• _HOW TO COMPLETE THIS TASK_
Report all lines below with the word "lambda".

[Collected data]
# # # # # # #

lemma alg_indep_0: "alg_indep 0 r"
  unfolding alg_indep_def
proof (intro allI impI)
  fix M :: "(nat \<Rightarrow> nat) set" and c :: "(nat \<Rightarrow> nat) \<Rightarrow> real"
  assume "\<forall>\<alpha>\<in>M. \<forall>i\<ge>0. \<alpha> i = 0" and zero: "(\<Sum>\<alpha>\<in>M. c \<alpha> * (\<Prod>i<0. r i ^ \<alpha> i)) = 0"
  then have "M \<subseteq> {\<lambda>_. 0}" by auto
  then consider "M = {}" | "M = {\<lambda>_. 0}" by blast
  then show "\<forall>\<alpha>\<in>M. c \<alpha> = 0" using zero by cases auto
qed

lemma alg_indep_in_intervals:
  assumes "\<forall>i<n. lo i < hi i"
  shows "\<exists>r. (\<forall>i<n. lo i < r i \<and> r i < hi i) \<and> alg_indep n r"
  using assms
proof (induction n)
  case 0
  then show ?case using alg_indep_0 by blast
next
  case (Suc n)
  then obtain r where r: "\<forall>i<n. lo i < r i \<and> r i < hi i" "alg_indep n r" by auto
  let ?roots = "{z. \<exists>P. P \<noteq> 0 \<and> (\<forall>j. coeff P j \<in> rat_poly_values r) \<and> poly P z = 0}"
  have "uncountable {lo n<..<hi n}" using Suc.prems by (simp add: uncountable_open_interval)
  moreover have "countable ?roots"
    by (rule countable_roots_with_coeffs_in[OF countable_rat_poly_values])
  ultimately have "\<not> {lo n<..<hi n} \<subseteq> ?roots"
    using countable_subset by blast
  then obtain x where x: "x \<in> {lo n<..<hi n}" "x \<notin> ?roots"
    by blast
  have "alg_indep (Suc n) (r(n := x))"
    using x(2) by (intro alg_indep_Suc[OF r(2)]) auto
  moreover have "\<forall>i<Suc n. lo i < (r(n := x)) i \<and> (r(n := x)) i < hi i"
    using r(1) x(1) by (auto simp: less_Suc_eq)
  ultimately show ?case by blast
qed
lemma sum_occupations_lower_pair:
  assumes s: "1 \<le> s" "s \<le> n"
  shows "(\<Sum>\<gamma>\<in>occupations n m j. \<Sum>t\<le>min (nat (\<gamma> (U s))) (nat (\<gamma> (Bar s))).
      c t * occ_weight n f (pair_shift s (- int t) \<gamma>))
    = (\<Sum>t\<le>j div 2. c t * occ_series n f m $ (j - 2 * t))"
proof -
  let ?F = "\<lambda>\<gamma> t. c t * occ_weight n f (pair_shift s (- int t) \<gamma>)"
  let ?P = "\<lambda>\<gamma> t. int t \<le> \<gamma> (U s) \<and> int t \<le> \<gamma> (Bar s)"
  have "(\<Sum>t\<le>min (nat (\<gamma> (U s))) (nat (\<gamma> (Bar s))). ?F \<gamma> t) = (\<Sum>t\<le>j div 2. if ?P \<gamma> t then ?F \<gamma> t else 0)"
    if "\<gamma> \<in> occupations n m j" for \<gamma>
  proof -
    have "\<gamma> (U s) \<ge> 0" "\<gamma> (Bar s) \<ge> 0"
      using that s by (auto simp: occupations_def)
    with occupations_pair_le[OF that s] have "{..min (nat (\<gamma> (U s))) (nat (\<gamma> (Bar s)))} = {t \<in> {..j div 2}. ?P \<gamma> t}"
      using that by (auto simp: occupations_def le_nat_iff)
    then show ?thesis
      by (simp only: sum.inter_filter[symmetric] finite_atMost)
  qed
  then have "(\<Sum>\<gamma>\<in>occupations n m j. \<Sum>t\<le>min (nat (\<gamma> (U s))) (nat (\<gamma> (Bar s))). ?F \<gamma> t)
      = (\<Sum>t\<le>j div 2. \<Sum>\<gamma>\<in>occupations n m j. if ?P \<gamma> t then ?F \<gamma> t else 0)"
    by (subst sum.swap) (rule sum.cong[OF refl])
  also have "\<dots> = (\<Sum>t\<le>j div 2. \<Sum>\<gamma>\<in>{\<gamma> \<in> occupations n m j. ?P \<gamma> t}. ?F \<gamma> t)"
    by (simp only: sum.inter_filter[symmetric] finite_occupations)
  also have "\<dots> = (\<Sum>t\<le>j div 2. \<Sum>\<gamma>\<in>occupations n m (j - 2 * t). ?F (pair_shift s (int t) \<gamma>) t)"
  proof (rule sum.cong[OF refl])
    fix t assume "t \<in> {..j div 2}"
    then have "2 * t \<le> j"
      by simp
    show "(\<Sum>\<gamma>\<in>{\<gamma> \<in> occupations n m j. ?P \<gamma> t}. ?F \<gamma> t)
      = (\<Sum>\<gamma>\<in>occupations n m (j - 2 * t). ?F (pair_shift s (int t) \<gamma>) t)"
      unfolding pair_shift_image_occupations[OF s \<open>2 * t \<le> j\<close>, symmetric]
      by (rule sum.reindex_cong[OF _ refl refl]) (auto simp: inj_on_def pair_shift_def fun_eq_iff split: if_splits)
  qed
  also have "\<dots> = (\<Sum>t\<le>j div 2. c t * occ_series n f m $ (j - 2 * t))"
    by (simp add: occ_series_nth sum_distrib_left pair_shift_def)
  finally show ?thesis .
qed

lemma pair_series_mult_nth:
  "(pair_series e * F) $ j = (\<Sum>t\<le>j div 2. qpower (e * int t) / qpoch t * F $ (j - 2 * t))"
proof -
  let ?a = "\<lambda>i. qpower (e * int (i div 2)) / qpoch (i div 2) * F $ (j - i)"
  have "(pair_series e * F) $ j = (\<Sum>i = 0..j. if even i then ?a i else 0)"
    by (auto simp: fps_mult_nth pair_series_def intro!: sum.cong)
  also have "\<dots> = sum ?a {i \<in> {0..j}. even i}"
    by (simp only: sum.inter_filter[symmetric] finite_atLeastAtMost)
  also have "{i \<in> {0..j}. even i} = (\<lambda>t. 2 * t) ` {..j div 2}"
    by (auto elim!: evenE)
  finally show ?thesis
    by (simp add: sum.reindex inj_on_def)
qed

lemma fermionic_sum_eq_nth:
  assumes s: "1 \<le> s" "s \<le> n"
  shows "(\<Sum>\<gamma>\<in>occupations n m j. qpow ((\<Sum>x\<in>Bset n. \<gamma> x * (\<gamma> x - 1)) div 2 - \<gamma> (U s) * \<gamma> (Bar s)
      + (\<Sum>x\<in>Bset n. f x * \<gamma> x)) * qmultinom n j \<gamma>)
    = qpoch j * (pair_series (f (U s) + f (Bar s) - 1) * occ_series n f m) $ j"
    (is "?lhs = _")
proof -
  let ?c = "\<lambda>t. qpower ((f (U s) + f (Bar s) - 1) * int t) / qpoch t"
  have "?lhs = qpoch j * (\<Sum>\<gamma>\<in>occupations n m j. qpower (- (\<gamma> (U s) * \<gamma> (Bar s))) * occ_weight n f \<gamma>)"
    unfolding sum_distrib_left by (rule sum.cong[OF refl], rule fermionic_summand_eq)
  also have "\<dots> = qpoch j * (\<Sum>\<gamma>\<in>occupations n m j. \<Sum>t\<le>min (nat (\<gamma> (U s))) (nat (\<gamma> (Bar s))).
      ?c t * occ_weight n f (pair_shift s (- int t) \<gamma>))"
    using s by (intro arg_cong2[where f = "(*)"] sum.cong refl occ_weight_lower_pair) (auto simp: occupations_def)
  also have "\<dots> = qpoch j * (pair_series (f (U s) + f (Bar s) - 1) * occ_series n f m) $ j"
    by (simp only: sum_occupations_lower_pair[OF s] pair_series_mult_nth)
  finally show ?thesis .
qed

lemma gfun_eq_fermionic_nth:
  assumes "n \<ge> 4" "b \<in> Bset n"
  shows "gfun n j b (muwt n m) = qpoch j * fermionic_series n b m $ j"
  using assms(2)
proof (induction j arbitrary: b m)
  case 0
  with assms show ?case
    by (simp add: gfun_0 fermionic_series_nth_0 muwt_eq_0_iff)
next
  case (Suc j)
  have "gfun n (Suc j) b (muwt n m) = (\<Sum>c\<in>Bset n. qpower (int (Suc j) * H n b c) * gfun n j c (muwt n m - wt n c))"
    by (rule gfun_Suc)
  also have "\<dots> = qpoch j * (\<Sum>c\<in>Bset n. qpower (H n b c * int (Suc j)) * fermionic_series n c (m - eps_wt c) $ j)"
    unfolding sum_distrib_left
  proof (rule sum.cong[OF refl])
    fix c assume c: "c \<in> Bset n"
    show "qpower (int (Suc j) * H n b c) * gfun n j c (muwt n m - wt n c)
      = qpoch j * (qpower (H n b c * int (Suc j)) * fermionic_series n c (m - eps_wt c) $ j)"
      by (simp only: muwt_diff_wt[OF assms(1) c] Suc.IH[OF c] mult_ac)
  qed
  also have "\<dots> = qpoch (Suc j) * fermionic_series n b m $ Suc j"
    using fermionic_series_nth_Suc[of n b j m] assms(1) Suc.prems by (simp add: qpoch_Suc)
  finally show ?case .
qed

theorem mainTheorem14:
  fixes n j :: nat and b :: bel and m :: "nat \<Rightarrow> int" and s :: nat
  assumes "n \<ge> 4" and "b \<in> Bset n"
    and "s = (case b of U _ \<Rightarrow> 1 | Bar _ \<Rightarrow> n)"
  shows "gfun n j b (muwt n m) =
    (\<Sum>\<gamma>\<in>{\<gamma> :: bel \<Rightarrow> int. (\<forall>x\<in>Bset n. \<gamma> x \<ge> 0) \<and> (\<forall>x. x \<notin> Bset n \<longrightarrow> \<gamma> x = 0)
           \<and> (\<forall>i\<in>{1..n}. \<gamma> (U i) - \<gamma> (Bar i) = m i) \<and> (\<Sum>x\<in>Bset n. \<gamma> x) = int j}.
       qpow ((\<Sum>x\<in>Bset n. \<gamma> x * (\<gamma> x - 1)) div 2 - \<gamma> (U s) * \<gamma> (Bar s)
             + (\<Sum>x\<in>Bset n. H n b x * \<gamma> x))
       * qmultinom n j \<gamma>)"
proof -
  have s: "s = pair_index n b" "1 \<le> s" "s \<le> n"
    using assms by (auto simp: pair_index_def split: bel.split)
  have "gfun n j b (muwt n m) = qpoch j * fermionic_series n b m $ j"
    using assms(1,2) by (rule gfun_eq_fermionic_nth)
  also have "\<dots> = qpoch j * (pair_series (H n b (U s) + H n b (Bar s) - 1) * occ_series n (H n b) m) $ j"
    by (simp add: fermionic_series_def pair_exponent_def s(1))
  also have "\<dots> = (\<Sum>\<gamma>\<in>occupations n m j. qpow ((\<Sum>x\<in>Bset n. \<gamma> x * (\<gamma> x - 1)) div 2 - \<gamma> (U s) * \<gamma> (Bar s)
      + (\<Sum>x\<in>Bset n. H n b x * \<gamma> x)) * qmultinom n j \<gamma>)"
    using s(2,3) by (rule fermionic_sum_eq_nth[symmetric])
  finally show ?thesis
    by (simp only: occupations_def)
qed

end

# # # # # # #

• _THE COMPLETED TASK_
  then have "M \<subseteq> {\<lambda>_. 0}" by auto
  then consider "M = {}" | "M = {\<lambda>_. 0}" by blast
  let ?F = "\<lambda>\<gamma> t. c t * occ_weight n f (pair_shift s (- int t) \<gamma>)"
  let ?P = "\<lambda>\<gamma> t. int t \<le> \<gamma> (U s) \<and> int t \<le> \<gamma> (Bar s)"
  let ?a = "\<lambda>i. qpower (e * int (i div 2)) / qpoch (i div 2) * F $ (j - i)"
  also have "{i \<in> {0..j}. even i} = (\<lambda>t. 2 * t) ` {..j div 2}"
  let ?c = "\<lambda>t. qpower ((f (U s) + f (Bar s) - 1) * int t) / qpoch t"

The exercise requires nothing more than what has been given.